Take It Easy: Create a Run Chart

Minitab Blog Editor | 04 May, 2012

Topics: Quality Improvement

Ever make a task harder than it needs to be? Last night my son wanted to get a toy from a shelf in the closet that was a little beyond his reach. I watched as he tried to jump up and grab it.  Next, he started climbing the shelves (a quick word from me stopped that approach). Then he tried jumping several more times. Finally he said "I give up."

That's when I suggested he use the stepladder, which had been just inside the closet the whole time. 

Statistics can be like that. We can focus on the complexities of an analysis, but lose sight of the practical question we're trying to answer. If we step back and look at all of the available tools, sometimes there's a simpler way to get the information we need. 

When seeking to improve quality, you often look for processes with unusual variation so you can identify what's causing the variation, then control it. A process is in control when only natural variation affects the output. That's the idea behind control charts, and Minitab makes it easy to create a wide variety of control charts depending on what type of data you're looking at.

But step back a second. Some variation is a natural part of any process, and in the quality world we're concerned only about that unusual, "special cause" variation. You can use a simple tool -- the run chart -- to see if special causes are influencing your process. A run chart can't tell you everything that a control chart can, but if a run chart suggests a process is already under control, perhaps you can find a process in more urgent need of improvement! 

What Is a Run Chart?

A run chart displays how your process data changes over time, and can reveal evidence of special cause variation that creates recognizable patterns. 

Minitab's run chart plots individual observations in the order they were collected, and draws a horizontal reference line at the median. Minitab also performs two tests that provide information on non-random variation due to trends, oscillation, mixtures, and clustering -- patterns that suggest the variation observed is due to special causes.

Creating a Run Chart

It's very easy to make a run chart in Minitab. Let's say you work for a company that makes radon detectors. To make sure that detectors using a certain kind of membrane measure the amount of radiation consistently, you test 20 devices (in groups of 2) in an experimental chamber. You record the amount of radiation each device measured after every test. 

You decide to create a run chart as a first step in evaluating the variation in your measurements. (Want to follow along? Open the worksheet RADON.MTW included with Minitab's sample data sets.) 

In Minitab, choose Stat > Quality Tools > Run Chart to bring up the dialog box below. When your data are in one column, enter the data column in Single column. In Subgroup size, enter a subgroup size or column of subgroup indicators. For this data, you enter "Membrane" in Single column, and enter "2" for Subgroup size

Run Chart Dialog Box

When you click OK, Minitab creates the following graph: 

Run Chart Example

Interpreting the Run Chart

The black points on the run chart represent the individual values, while the red points connected with a line represent the subgroup means.
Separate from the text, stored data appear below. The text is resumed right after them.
lemma up_sum_rounded_congruent:
  assumes L: "L \<subseteq> U" "L \<noteq> {}"
  shows "int_multiple 4 ((-2) ^ (card L - 1) * (of_int (up_sum U rounded_weight L) - G L))"
proof -
  have "card L \<noteq> 0" using L finite_subset[OF L(1)] by simp
  then consider "card L = 1" | "card L = 2" | "3 \<le> card L" by linarith
  then show ?thesis
  proof cases
    case 1
    then obtain k where "L = {k}" by (auto simp: card_1_singleton_iff)
    then show ?thesis using up_sum_rounded_singleton[of k] L by simp
  next
    case 2
    have "int_multiple (2 * 2) (2 * (of_int (up_sum U rounded_weight L) - G L))"
      using up_sum_rounded_pair[OF L(1) 2] by (subst int_multiple_mult_cancel_left) simp_all
    then show ?thesis using 2 int_multiple_uminus by fastforce
  next
    case 3
    then have "card L - 1 = Suc (Suc (card L - 3))" by simp
    then have "(-2) ^ (card L - 1) * of_int (up_sum U rounded_weight L)
        = (4::real) * of_int ((-2) ^ (card L - 3) * up_sum U rounded_weight L)"
      by simp
    then have "int_multiple 4 ((-2) ^ (card L - 1) * of_int (up_sum U rounded_weight L))"
      by (simp only: int_multiple_mult_of_int)
    from int_multiple_diff[OF this cover_sum_large_congruent[OF L(1) 3]]
    show ?thesis by (simp add: algebra_simps)
  qed
qed

theorem ex_integer_solution:
  "\<exists>n :: 'j \<Rightarrow> int. \<forall>K \<subseteq> U. int_multiple 4 (parity_sum (\<lambda>j. of_int (n j)) p K - 2 * of_int (q K))"
proof -
  obtain n :: "'j \<Rightarrow> int" where n: "\<And>R. pattern_weight n p R = rounded_weight R"
    using ex_pattern_weight_eq[of p rounded_weight] rounded_weight_absent by blast
  have cover_n: "cover_sum (\<lambda>j. of_int (n j)) p L = of_int (up_sum U rounded_weight L)" for L
  proof -
    have "cover_sum (\<lambda>j. of_int (n j)) p L = up_sum U (pattern_weight (\<lambda>j. of_int (n j)) p) L"
      by (rule cover_sum_eq_up_sum) (simp_all add: patterns_bounded)
    also have "\<dots> = of_int (up_sum U rounded_weight L)"
      unfolding of_int_up_sum of_int_pattern_weight[symmetric] n ..
    finally show ?thesis .
  qed
  show ?thesis
  proof (intro exI allI impI)
    fix K assume K: "K \<subseteq> U"
    show "int_multiple 4 (parity_sum (\<lambda>j. of_int (n j)) p K - 2 * of_int (q K))"
    proof (rule parity_sum_congruent_transfer[OF _ parity_sum_congruent[OF K]])
      show "finite K" using K finite_subset by blast
      show "int_multiple 4 ((-2) ^ (card L - 1) * (cover_sum (\<lambda>j. of_int (n j)) p L - G L))"
        if "L \<subseteq> K" "L \<noteq> {}" for L
        unfolding cover_n using that K by (intro up_sum_rounded_congruent) auto
    qed
  qed
qed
Visually, it looks like there's some unusual variation happening for tests 3, 4, and 5.  This is confirmed in the data for the normality tests: the p-values for mixtures, trends, and oscillation look fine, but the test for clustering is significant at the 0.05 level.

 Because the p-value for the cluster test (p = 0.022) is less than the alpha value of 0.05, you can conclude that special causes are affecting your process, and you should investigate possible sources. Clusters can be evidence of sampling or measurement problems, but you'll need to collect more data to be sure.
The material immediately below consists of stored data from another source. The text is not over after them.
(* Let $c,d>0$, $l\in\mathbb{Z}_+$ and $m\in\{0,\dots,l\}$. Then $$\lim_{q\uparrow1}R_{l-m}\big(q^{-l}-\tfrac dc q^{-l};\tfrac cd,2l;q\big)=\frac{(m+1)_{l-m}}{(l+m+1)_{l-m}}\Big(1+\frac dc\Big)^{l-m}R^{(m,m)}_{l-m}\Big(\frac{c-d}{c+d}\Big).$$
   Context: $(a)_n=a(a+1)\cdots(a+n-1)$. $R^{(\alpha,\beta)}_n$ is the Jacobi polynomial of degree $n$ normalized by $R^{(\alpha,\beta)}_n(1)=1$. Dual $q$-Krawtchouk value: $R_j(q^{-l}-\tfrac dc q^{-l};\tfrac cd,2l;q)=\sum_{k=0}^{j}\frac{(q^{-j};q)_k(q^{-l};q)_k(-\frac dc q^{-l};q)_k}{(q^{-2l};q)_k(q;q)_k}q^k$ with $(a;q)_k=\prod_{i=0}^{k-1}(1-aq^i)$. *)

theory Defs
  imports Complex_Main
begin

definition qpoch :: "real \<Rightarrow> real \<Rightarrow> nat \<Rightarrow> real" where
  "qpoch a q k = (\<Prod>i<k. 1 - a * q ^ i)"

text \<open>Dual q-Krawtchouk value R_j(q^{-l} - (d/c) q^{-l}; c/d, 2l; q), as given in the context.\<close>
definition dual_qKrawtchouk :: "nat \<Rightarrow> nat \<Rightarrow> real \<Rightarrow> real \<Rightarrow> real \<Rightarrow> real" where
  "dual_qKrawtchouk j l c d q =
     (\<Sum>k=0..j. qpoch (inverse (q ^ j)) q k * qpoch (inverse (q ^ l)) q k
                * qpoch (- (d / c) * inverse (q ^ l)) q k
                / (qpoch (inverse (q ^ (2 * l))) q k * qpoch q q k) * q ^ k)"

text \<open>Jacobi polynomial normalized by R_n(1) = 1:
  R_n^{(a,b)}(x) = 2F1(-n, n+a+b+1; a+1; (1-x)/2).\<close>
definition jacobiR :: "real \<Rightarrow> real \<Rightarrow> nat \<Rightarrow> real \<Rightarrow> real" where
  "jacobiR a b n x =
     (\<Sum>k=0..n. pochhammer (- real n) k * pochhammer (real n + a + b + 1) k
                / (pochhammer (a + 1) k * fact k) * ((1 - x) / 2) ^ k)"

end

theory Submission
  imports Defs "HOL-Computational_Algebra.Polynomial"
begin

(* As q tends to 1 from below, (q^-N q^s; q)_k / (1 - q)^k tends to the Pochhammer symbol (s - N)_k,
   so the dual q-Krawtchouk sum with j = l - m tends to the terminating series
   2F1(-n, -l; -2l; z) with n = l - m and z = 1 + d/c.  Up to the common factor l!^2 / (2l)!,
   this series and the Jacobi side are the coefficients of x^l in (1 + x)^(l+m) (x + 1 - z)^n and in
   its reciprocal polynomial (1 + x)^(l+m) (1 + (1 - z) x)^n; the polynomial has degree 2l, so
   reflection does not move its middle coefficient. *)

lemma tendsto_q_integer:
  "((\<lambda>q::real. (1 - inverse (q ^ N) * q ^ s) / (1 - q)) \<longlongrightarrow> real s - real N) (at_left 1)"
proof -
  have "((\<lambda>q::real. inverse (q ^ N) * q ^ s) has_real_derivative real s - real N) (at 1)"
    by (auto intro!: derivative_eq_intros simp: algebra_simps)
  then have "((\<lambda>q::real. (inverse (q ^ N) * q ^ s - 1) / (q - 1)) \<longlongrightarrow> real s - real N) (at 1)"
    by (simp add: has_field_derivative_iff)
  moreover have "(1 - x) / (1 - q) = (x - 1) / (q - 1)" for x q :: real
    by (metis minus_diff_eq minus_divide_divide)
  ultimately show ?thesis
    by (simp add: filterlim_at_split)
qed

lemma tendsto_qpoch_div_power:
  "((\<lambda>q. qpoch (inverse (q ^ N) * q ^ s) q k / (1 - q) ^ k) \<longlongrightarrow> pochhammer (real s - real N) k)
     (at_left 1)"
proof -
  have "qpoch (inverse (q ^ N) * q ^ s) q k / (1 - q) ^ k
      = (\<Prod>i<k. (1 - inverse (q ^ N) * q ^ (s + i)) / (1 - q))" for q :: real
    by (simp add: qpoch_def prod_dividef power_add mult.assoc)
  moreover have "((\<lambda>q. \<Prod>i<k. (1 - inverse (q ^ N) * q ^ (s + i)) / (1 - q))
         \<longlongrightarrow> (\<Prod>i<k. real (s + i) - real N)) (at_left 1)"
    by (intro tendsto_prod tendsto_q_integer)
  ultimately show ?thesis
    by (simp add: pochhammer_prod lessThan_atLeast0 algebra_simps)
qed

lemma tendsto_dual_qKrawtchouk_term:
  assumes "k \<le> 2 * l"
  shows "((\<lambda>q. qpoch (inverse (q ^ j)) q k * qpoch (inverse (q ^ l)) q k * qpoch (- x * inverse (q ^ l)) q k
                / (qpoch (inverse (q ^ (2 * l))) q k * qpoch q q k) * q ^ k)
         \<longlongrightarrow> pochhammer (- real j) k * pochhammer (- real l) k
              / (pochhammer (- real (2 * l)) k * fact k) * (1 + x) ^ k) (at_left 1)"
proof -
  define Q where "Q N s q = qpoch (inverse (q ^ N) * q ^ s) q k / (1 - q) ^ k" for N s :: nat and q :: real
  have Q_lim: "(Q N s \<longlongrightarrow> pochhammer (real s - real N) k) (at_left 1)" for N s
    unfolding Q_def by (rule tendsto_qpoch_div_power)
  have "((\<lambda>q. qpoch (- x * inverse (q ^ l)) q k) \<longlongrightarrow> (\<Prod>i<k. 1 - (- x * inverse (1 ^ l)) * 1 ^ i)) (at_left 1)"
    unfolding qpoch_def by (intro tendsto_intros) auto
  then have C_lim: "((\<lambda>q. qpoch (- x * inverse (q ^ l)) q k) \<longlongrightarrow> (1 + x) ^ k) (at_left 1)"
    by simp
  have "pochhammer (- real (2 * l)) k \<noteq> 0"
    using assms pochhammer_of_nat_eq_0_iff[of "2 * l" k, where 'a=real] by simp
  then have "((\<lambda>q. Q j 0 q * Q l 0 q * qpoch (- x * inverse (q ^ l)) q k / (Q (2 * l) 0 q * Q 0 1 q) * q ^ k)
     \<longlongrightarrow> pochhammer (- real j) k * pochhammer (- real l) k * (1 + x) ^ k
              / (pochhammer (- real (2 * l)) k * pochhammer 1 k) * 1 ^ k) (at_left 1)"
    using Q_lim[of j 0] Q_lim[of l 0] Q_lim[of "2 * l" 0] Q_lim[of 0 1]
    by (intro tendsto_intros C_lim) (auto simp: pochhammer_fact[symmetric])
  moreover have "\<forall>\<^sub>F q in at_left 1.
      Q j 0 q * Q l 0 q * qpoch (- x * inverse (q ^ l)) q k / (Q (2 * l) 0 q * Q 0 1 q) * q ^ k
    = qpoch (inverse (q ^ j)) q k * qpoch (inverse (q ^ l)) q k * qpoch (- x * inverse (q ^ l)) q k
      / (qpoch (inverse (q ^ (2 * l))) q k * qpoch q q k) * q ^ k"
    using eventually_at_left_real[OF zero_less_one]
    by eventually_elim (simp add: Q_def)
  ultimately show ?thesis
    by (simp add: tendsto_cong pochhammer_fact)
qed

(* Gauss's series 2F1(a, b; c; x) cut off after x^n; for a = -n it terminates there anyway. *)
definition hyp2F1_trunc :: "real \<Rightarrow> real \<Rightarrow> real \<Rightarrow> nat \<Rightarrow> real \<Rightarrow> real" where
  "hyp2F1_trunc a b c n x =
     (\<Sum>k=0..n. pochhammer a k * pochhammer b k / (pochhammer c k * fact k) * x ^ k)"

lemma jacobiR_eq_hyp2F1_trunc:
  "jacobiR a b n x = hyp2F1_trunc (- real n) (real n + a + b + 1) (a + 1) n ((1 - x) / 2)"
  by (simp add: jacobiR_def hyp2F1_trunc_def)

lemma tendsto_dual_qKrawtchouk:
  assumes "j \<le> 2 * l"
  shows "((\<lambda>q. dual_qKrawtchouk j l c d q)
           \<longlongrightarrow> hyp2F1_trunc (- real j) (- real l) (- real (2 * l)) j (1 + d / c)) (at_left 1)"
  unfolding dual_qKrawtchouk_def hyp2F1_trunc_def
  using assms by (intro tendsto_sum tendsto_dual_qKrawtchouk_term) auto

lemma pochhammer_of_nat_plus_1:
  "pochhammer (of_nat a + 1 :: 'a::field_char_0) k = fact (a + k) / fact a"
proof -
  have "fact (a + k) = (fact a * pochhammer (of_nat a + 1) k :: 'a)"
    by (simp add: pochhammer_fact pochhammer_product' add.commute)
  then show ?thesis
    by simp
qed

lemma pochhammer_minus_of_nat:
  "k \<le> N \<Longrightarrow> pochhammer (- of_nat N :: 'a::field_char_0) k = (-1) ^ k * fact N / fact (N - k)"
  using pochhammer_of_nat_plus_1[of "N - k" k, where 'a='a]
  by (simp add: pochhammer_minus)

lemma binomial_sum_reflection:
  fixes z :: real
  assumes "z \<noteq> 1" and l: "l = n + m"
  shows "(\<Sum>k\<le>n. real (n choose k) * real ((2 * l - k) choose l) * (- z) ^ k)
       = (\<Sum>i\<le>n. real (n choose i) * real ((l + m + i) choose l) * z ^ (n - i) * (1 - z) ^ i)"
proof -
  define p1 :: "real poly" where "p1 = [:1, 1:]"
  define P where "P = p1 ^ (l + m) * [:1 - z, 1:] ^ n"
  have coeff_p1_power: "coeff (p1 ^ N) l = real (N choose l)" for N
    using coeff_linear_poly_power[of l N "1::real" 1] unfolding p1_def
    by (cases "l \<le> N") (simp_all add: coeff_eq_0 degree_power_eq)
  have "[:1 - z, 1:] ^ n = ([:- z:] + p1) ^ n"
    by (simp add: p1_def)
  also have "\<dots> = (\<Sum>k\<le>n. smult (real (n choose k) * (- z) ^ k) (p1 ^ (n - k)))"
    by (simp add: binomial_ring of_nat_poly poly_const_pow mult.commute)
  finally have expansion: "[:1 - z, 1:] ^ n = \<dots>" .
  have "P = (\<Sum>k\<le>n. smult (real (n choose k) * (- z) ^ k) (p1 ^ (2 * l - k)))"
    unfolding P_def expansion sum_distrib_left
  proof (intro sum.cong)
    fix k assume "k \<in> {..n}"
    then have "2 * l - k = (l + m) + (n - k)"
      using l by auto
    then show "p1 ^ (l + m) * smult (real (n choose k) * (- z) ^ k) (p1 ^ (n - k))
             = smult (real (n choose k) * (- z) ^ k) (p1 ^ (2 * l - k))"
      by (simp add: power_add)
  qed simp
  then have coeff_P: "coeff P l = (\<Sum>k\<le>n. real (n choose k) * real ((2 * l - k) choose l) * (- z) ^ k)"
    by (simp add: coeff_sum coeff_p1_power mult_ac)
  have "reflect_poly p1 = p1" and "reflect_poly [:1 - z, 1:] = smult (1 - z) p1 + [:z:]"
    using assms by (simp_all add: p1_def reflect_poly_def)
  then have "reflect_poly P = p1 ^ (l + m) * (smult (1 - z) p1 + [:z:]) ^ n"
    by (simp add: P_def reflect_poly_mult reflect_poly_power)
  also have "\<dots> = (\<Sum>i\<le>n. smult (real (n choose i) * z ^ (n - i) * (1 - z) ^ i) (p1 ^ (l + m + i)))"
    by (simp add: binomial_ring sum_distrib_left of_nat_poly poly_const_pow smult_power power_add mult_ac)
  finally have coeff_reflect_P: "coeff (reflect_poly P) l
      = (\<Sum>i\<le>n. real (n choose i) * real ((l + m + i) choose l) * z ^ (n - i) * (1 - z) ^ i)"
    by (simp add: coeff_sum coeff_p1_power mult_ac)
  have "degree P = 2 * l"
    by (simp add: P_def p1_def degree_mult_eq degree_power_eq l)
  then have "coeff (reflect_poly P) l = coeff P l"
    by (simp add: coeff_reflect_poly)
  then show ?thesis
    using coeff_P coeff_reflect_P by simp
qed

lemma hyp2F1_trunc_minus_l_minus_2l_eq_sum:
  fixes z :: real
  assumes "n \<le> l"
  shows "hyp2F1_trunc (- real n) (- real l) (- real (2 * l)) n z
       = fact l ^ 2 / fact (2 * l) * (\<Sum>k\<le>n. real (n choose k) * real ((2 * l - k) choose l) * (- z) ^ k)"
proof -
  have "pochhammer (- real n) k * pochhammer (- real l) k / (pochhammer (- real (2 * l)) k * fact k) * z ^ k
      = fact l ^ 2 / fact (2 * l) * (real (n choose k) * real ((2 * l - k) choose l) * (- z) ^ k)"
    if "k \<le> n" for k
  proof -
    have "k \<le> l" and "k \<le> 2 * l" and "l \<le> 2 * l - k" and "2 * l - k - l = l - k"
      using that assms by auto
    then have choose_l: "real ((2 * l - k) choose l) = fact (2 * l - k) / (fact l * fact (l - k))"
      using binomial_fact[of l "2 * l - k"] by simp
    have choose_n: "real (n choose k) = fact n / (fact k * fact (n - k))"
      using that by (rule binomial_fact)
    show ?thesis
      unfolding choose_l choose_n power_minus[of z] pochhammer_minus_of_nat[OF that]
        pochhammer_minus_of_nat[OF \<open>k \<le> l\<close>] pochhammer_minus_of_nat[OF \<open>k \<le> 2 * l\<close>]
      by (simp add: field_simps power2_eq_square)
  qed
  then show ?thesis
    by (simp add: hyp2F1_trunc_def sum_distrib_left atLeast0AtMost)
qed

lemma hyp2F1_trunc_jacobi_eq_sum:
  fixes z :: real
  assumes "z \<noteq> 0" and l: "l = n + m"
  shows "pochhammer (real m + 1) n / pochhammer (real l + real m + 1) n * z ^ n
         * hyp2F1_trunc (- real n) (real n + 2 * real m + 1) (real m + 1) n ((z - 1) / z)
       = fact l ^ 2 / fact (2 * l)
         * (\<Sum>i\<le>n. real (n choose i) * real ((l + m + i) choose l) * z ^ (n - i) * (1 - z) ^ i)"
proof -
  have sums: "real l + real m = real (l + m)" "real n + 2 * real m = real (l + m)"
      "l + m + n = 2 * l" "m + n = l"
    using l by simp_all
  have poch_n: "pochhammer (real l + real m + 1) n = fact (2 * l) / fact (l + m)"
      "pochhammer (real m + 1) n = fact l / fact m"
    using pochhammer_of_nat_plus_1[of "l + m" n] pochhammer_of_nat_plus_1[of m n] unfolding sums
    by simp_all
  have poch_i: "pochhammer (real n + 2 * real m + 1) i = fact (l + m + i) / fact (l + m)"
      "pochhammer (real m + 1) i = fact (m + i) / fact m" for i
    using pochhammer_of_nat_plus_1[of "l + m" i] pochhammer_of_nat_plus_1[of m i] unfolding sums
    by simp_all
  have "pochhammer (real m + 1) n / pochhammer (real l + real m + 1) n * z ^ n
      * (pochhammer (- real n) i * pochhammer (real n + 2 * real m + 1) i / (pochhammer (real m + 1) i * fact i)
         * ((z - 1) / z) ^ i)
      = fact l ^ 2 / fact (2 * l) * (real (n choose i) * real ((l + m + i) choose l) * z ^ (n - i) * (1 - z) ^ i)"
    if "i \<le> n" for i
  proof -
    have choose_l: "real ((l + m + i) choose l) = fact (l + m + i) / (fact l * fact (m + i))"
      using binomial_fact[of l "l + m + i"] by simp
    have choose_n: "real (n choose i) = fact n / (fact i * fact (n - i))"
      using that by (rule binomial_fact)
    have z_power: "z ^ n = z ^ (n - i) * z ^ i"
      using that by (simp add: power_add[symmetric])
    have sign: "(1 - z) ^ i = (-1) ^ i * (z - 1) ^ i"
      by (simp add: power_minus[symmetric])
    show ?thesis
      unfolding poch_n
      unfolding choose_l choose_n poch_i pochhammer_minus_of_nat[OF that] z_power power_divide sign
      using \<open>z \<noteq> 0\<close> by (simp add: field_simps power2_eq_square)
  qed
  then show ?thesis
    by (simp add: hyp2F1_trunc_def sum_distrib_left atLeast0AtMost)
qed

lemma hyp2F1_trunc_transform:
  fixes z :: real
  assumes "z \<noteq> 0" and "z \<noteq> 1" and l: "l = n + m"
  shows "hyp2F1_trunc (- real n) (- real l) (- real (2 * l)) n z
       = pochhammer (real m + 1) n / pochhammer (real l + real m + 1) n * z ^ n
         * hyp2F1_trunc (- real n) (real n + 2 * real m + 1) (real m + 1) n ((z - 1) / z)"
proof -
  have "n \<le> l"
    using l by simp
  show ?thesis
    unfolding hyp2F1_trunc_minus_l_minus_2l_eq_sum[OF \<open>n \<le> l\<close>]
      hyp2F1_trunc_jacobi_eq_sum[OF assms(1) l]
      binomial_sum_reflection[OF assms(2) l] ..
qed

theorem mainTheorem7:
  fixes c d :: real and l m :: nat
  assumes "c > 0" and "d > 0" and "l > 0" and "m \<le> l"
  shows "((\<lambda>q. dual_qKrawtchouk (l - m) l c d q) \<longlongrightarrow>
           pochhammer (real m + 1) (l - m) / pochhammer (real l + real m + 1) (l - m)
           * (1 + d / c) ^ (l - m)
           * jacobiR (real m) (real m) (l - m) ((c - d) / (c + d))) (at_left 1)"
proof -
  define n where "n = l - m"
  define z where "z = 1 + d / c"
  have l: "l = n + m"
    using assms(4) by (simp add: n_def)
  have "z > 1"
    using assms(1,2) by (simp add: z_def)
  have "(1 - (c - d) / (c + d)) / 2 = (z - 1) / z"
    using assms(1,2) by (simp add: z_def field_simps)
  then have jacobi: "jacobiR (real m) (real m) n ((c - d) / (c + d))
      = hyp2F1_trunc (- real n) (real n + 2 * real m + 1) (real m + 1) n ((z - 1) / z)"
    unfolding jacobiR_eq_hyp2F1_trunc by (simp only: mult_2 add.assoc)
  have "hyp2F1_trunc (- real n) (- real l) (- real (2 * l)) n z
      = pochhammer (real m + 1) n / pochhammer (real l + real m + 1) n * z ^ n
        * hyp2F1_trunc (- real n) (real n + 2 * real m + 1) (real m + 1) n ((z - 1) / z)"
    using \<open>z > 1\<close> l by (intro hyp2F1_trunc_transform) simp_all
  moreover have "((\<lambda>q. dual_qKrawtchouk n l c d q)
      \<longlongrightarrow> hyp2F1_trunc (- real n) (- real l) (- real (2 * l)) n z) (at_left 1)"
    unfolding z_def using l by (intro tendsto_dual_qKrawtchouk) simp
  ultimately show ?thesis
    unfolding n_def[symmetric] z_def[symmetric] jacobi by simp
qed

end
In this case, the run chart detected unusual variation, so you'll need to dig deeper to find out what's going on with your data. But if the chart hadn't shown variation, you could be more confident about the accuracy of your membrane detectors and dedicate your time to improving a process that might be more problematic. 

Either way, creating a run chart is a good, easy step to take toward the goal of eliminating special cause variation. It sure beats jumping and grabbing!